簪は私の視線に気づいたようですぐに両手で隠した。その目は睨むかのようだった。
「詩織の、せいだから!」
「ご、ごめん!」
怒鳴られて私は思わず謝った。
「なら、今度から私が……どんな格好をして寝ていても……私に、エッチなこと……しないで!」
「分かった。もうしないから」
もう今度は絶対に寝ているときにエッチなことをしないとここで誓った。
「でも、起きている、ときは……していいから」
簪はぷいっと顔を逸らして言った。
「本当? していいの?」
簪は頷く。
「それに私は言った。詩織がお願いすれば……ある程度、何でも……するって」
「そうだったね。そう言ってた」
なんかそう言われるとしたい気分になる。
そのせいか私は自然と簪のほうへ歩みを進めていった。
「し、詩織? なんで、こっちに……来るの?」
「えっ? 何か問題でも?」
「ただ来るだけなら……問題、ない。でも! 今の詩織は……いやらしいから」
「たとえそうだとしてもしていいんでしょ?」
「いい」
「なら――」
「でも、本番をして」
「ほ、本番!?」
「どっちもエッチなこと。それに……詩織は練習は……しないって……言った。だったら今回のことを……除いて、次やるのは……必然的に本番。私の説明に……問題、ある?」
「……ないです」
簪が言うのはもっともだ。私は確かにそう言った。次のエッチなことは本番だって言った。簪は練習として本番の一歩手前をしたいと言ったにも関わらず、自分から次は本番と言った。

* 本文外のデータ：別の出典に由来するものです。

(* Let $s\ge2$, $\delta\ge2$, and let $\mathcal{C}$ be an $[n,k,d]_q$ linear code with multiple $(r_i,\delta)_{i\in[s]}$ localities (i.e. $\delta_1=\dots=\delta_s=\delta$) with respect to a partition $\mathcal{T}_1,\dots,\mathcal{T}_s$ of $[n]$, $n_i=|\mathcal{T}_i|$, $r_1\le\dots\le r_s$. Let $\Delta_0=0$ and $\Delta_j=\sum_{i=1}^{j}\lceil n_i/(r_i+\delta-1)\rceil(\delta-1)$ for $j=1,\dots,s-1$. Suppose $\sum_{i=1}^{s-1}r_i\lceil n_i/(r_i+\delta-1)\rceil\le k-1$ and, for each $j=1,\dots,s-1$, $$r_j\left\lceil\frac{\Delta_j-\Delta_{j-1}-1}{\delta-1}\right\rceil+(\Delta_j-\Delta_{j-1}-1)<n_j.$$ Then $d\le n-k+1-(\Gamma-1)(\delta-1)$, where $$\Gamma=\sum_{i=1}^{s-1}\left\lceil\frac{n_i}{r_i+\delta-1}\right\rceil+\left\lceil\frac{k-\sum_{i=1}^{s-1}r_i\lceil n_i/(r_i+\delta-1)\rceil}{r_s}\right\rceil.$$
   Context: $[n]=\{1,\dots,n\}$. For an $[n,k,d]_q$ linear code with generator matrix columns $\vec g_1,\dots,\vec g_n$, a regenerating set of coordinate $i$ is a (minimal) subset $R\subseteq[n]$ with $i\in R$ such that $\vec g_i$ is an $\mathbb{F}_q$-linear combination of $\{\vec g_j\}_{j\in R\setminus\{i\}}$ and no proper subset of $R\setminus\{i\}$ suffices; $\mathcal{R}_i$ is the set of regenerating sets of coordinate $i$. Multiple $(r_i,\delta)_{i\in[s]}$ localities: $\mathcal{T}_1,\dots,\mathcal{T}_s$ is a partition of $[n]$, $r_1\le\dots\le r_s$ are integers, and for each $i\in[s]$ and each $\iota\in\mathcal{T}_i$ there is $S_\iota\subseteq\mathcal{T}_i$ with $\iota\in S_\iota$, $\delta\le|S_\iota|\le r_i+\delta-1$, such that for every $E\subseteq S_\iota$ with $|E|=\delta-1$ and every $j\in E$, $(S_\iota\setminus E)\cup\{j\}\in\mathcal{R}_j$. *)

theory Defs
  imports Complex_Main
begin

まさか言った本人である私が前言撤回などできるはずがない。
だから簪の言うとおり、次求めるときは本番ということになる。
私は今日本番をしようかと思ってしまう。
そう思ってしまうのは自業自得だ。簪を気持ちよくさせていたときに、自分もそういう気分になってしまい、自分を慰めようとしたのだが、結局できなかったので体が疼いているのだ。
もう自然的に消える程度ではない。一度発散しないと無理だ。
だから本番をしたいと思う。
でも、私は冷静ではない状態で大切なことを決めたくはない。
決めたくないのだが、私の体の疼きは止まらない。
「あの、簪」
「なに?」
「本番はまだやらないんだけど、その、体が……」
最後まで言っていないが私が何を言いたいかを察した簪は企みのある笑みを浮かべた。
「私に……何を、して……欲しいの? 言って」
分かっているはずなのにそう言うのは先ほどのやり返しだろうか。
「簪の手で私を……気持ちよくして!」
もう本当に恥ずかしくて恥ずかしくて体中が熱くなり、簪の顔を見ることができなかった。
私、何を言っているのだろうか? こんな変なことで恥ずかしい思いをするなんて。
「ふふ、自分の、手で……やれば、いいんじゃないの?」
「む、無理。簪にやってほしいの! 簪が私を気持ちよくして。お願い」
自分の手でやればいいのだが、その、個人的に自分以外にやってほしいのだ。だって自分でやるよりも別の人がやるほうが気持ちいいから。
「分かった。だったら……今から、風呂へ……行こ? そこで」
「……うん」
私は笑みを浮かべる簪の後に続いた。